Extracted data:
◆ ◆ ◆
lemma one_column_tableau_shape:
  assumes "tableau_of_shape n (replicate n 1) t"
  shows "length t = n" and "length (concat t) = n" and "\<And>i. i < n \<Longrightarrow> length (t ! i) = 1"
    and "{1..n} = {t ! i ! 0 | i. i < n}"
proof -
  have ml: "map length t = replicate n 1" and d: "set (concat t) = {1..n}"
    using assms unfolding tableau_of_shape_def by auto
  show lt: "length t = n"
    using ml by (metis length_map length_replicate)
  have rows: "\<forall>r\<in>set t. length r = 1"
    using ml by (metis in_set_replicate image_eqI list.set_map)
  then show "length (t ! i) = 1" if "i < n" for i
    using that lt by simp
  have concat: "concat t = map (\<lambda>r. r ! 0) t"
    using rows by (induction t) (auto simp: length_Suc_conv)
  then show "length (concat t) = n"
    using lt by simp
  have "{1..n} = set (map (\<lambda>r. r ! 0) t)"
    using d concat by simp
  also have "\<dots> = {t ! i ! 0 | i. i < n}"
    using lt by (force simp: set_conv_nth)
  finally show "{1..n} = {t ! i ! 0 | i. i < n}" .
qed

lemma one_column_tableau_groups:
  assumes "tableau_of_shape n (replicate n 1) t"
  shows "row_group t = {id}" and "col_group t = perms n"
proof -
  note lt = one_column_tableau_shape(1)[OF assms] and lc = one_column_tableau_shape(2)[OF assms]
    and row_len = one_column_tableau_shape(3)[OF assms]
    and entries = one_column_tableau_shape(4)[OF assms]
  have singleton: "set (t ! i) = {t ! i ! 0}" if "i < n" for i
    using row_len[OF that] by (cases "t ! i") auto
  have fixes_id: "p = id" if p: "p \<in> perms n" "\<forall>i<n. p ` set (t ! i) = set (t ! i)" for p
  proof (rule perms_eq_id[OF p(1)], intro ballI)
    fix x assume "x \<in> {1..n}"
    then obtain i where "i < n" "x = t ! i ! 0"
      using entries by blast
    then show "p x = x"
      using p(2) singleton by simp
  qed
  have "row_group t \<subseteq> {id}"
    using fixes_id unfolding row_group_def lc lt by blast
  moreover have "id \<in> row_group t"
    unfolding row_group_def by (simp add: perms_id)
  ultimately show "row_group t = {id}"
    by blast
  have "i < n \<and> j < length (t ! i) \<longleftrightarrow> i < n \<and> j = 0" for i j
    using row_len[of i] by auto
  then have "tab_col t j = {t ! i ! j | i. i < n \<and> j = 0}" for j
    unfolding tab_col_def lt by presburger
  then have "tab_col t j = (if j = 0 then {1..n} else {})" for j
    unfolding entries by (cases "j = 0") simp_all
  then have "q ` tab_col t j = tab_col t j" if "q \<in> perms n" for q j
    using that unfolding perms_def by (simp add: permutes_image)
  then show "col_group t = perms n"
    unfolding col_group_def lc by blast
qed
◆ ◆ ◆
Exercise requirements: Give again, word for word, the records from their first line to the one with "using ml by (metis in_set_replicate", and leave out all else.

Answer section:
lemma one_column_tableau_shape:
  assumes "tableau_of_shape n (replicate n 1) t"
  shows "length t = n" and "length (concat t) = n" and "\<And>i. i < n \<Longrightarrow> length (t ! i) = 1"
    and "{1..n} = {t ! i ! 0 | i. i < n}"
proof -
  have ml: "map length t = replicate n 1" and d: "set (concat t) = {1..n}"
    using assms unfolding tableau_of_shape_def by auto
  show lt: "length t = n"
    using ml by (metis length_map length_replicate)
  have rows: "\<forall>r\<in>set t. length r = 1"
    using ml by (metis in_set_replicate image_eqI list.set_map)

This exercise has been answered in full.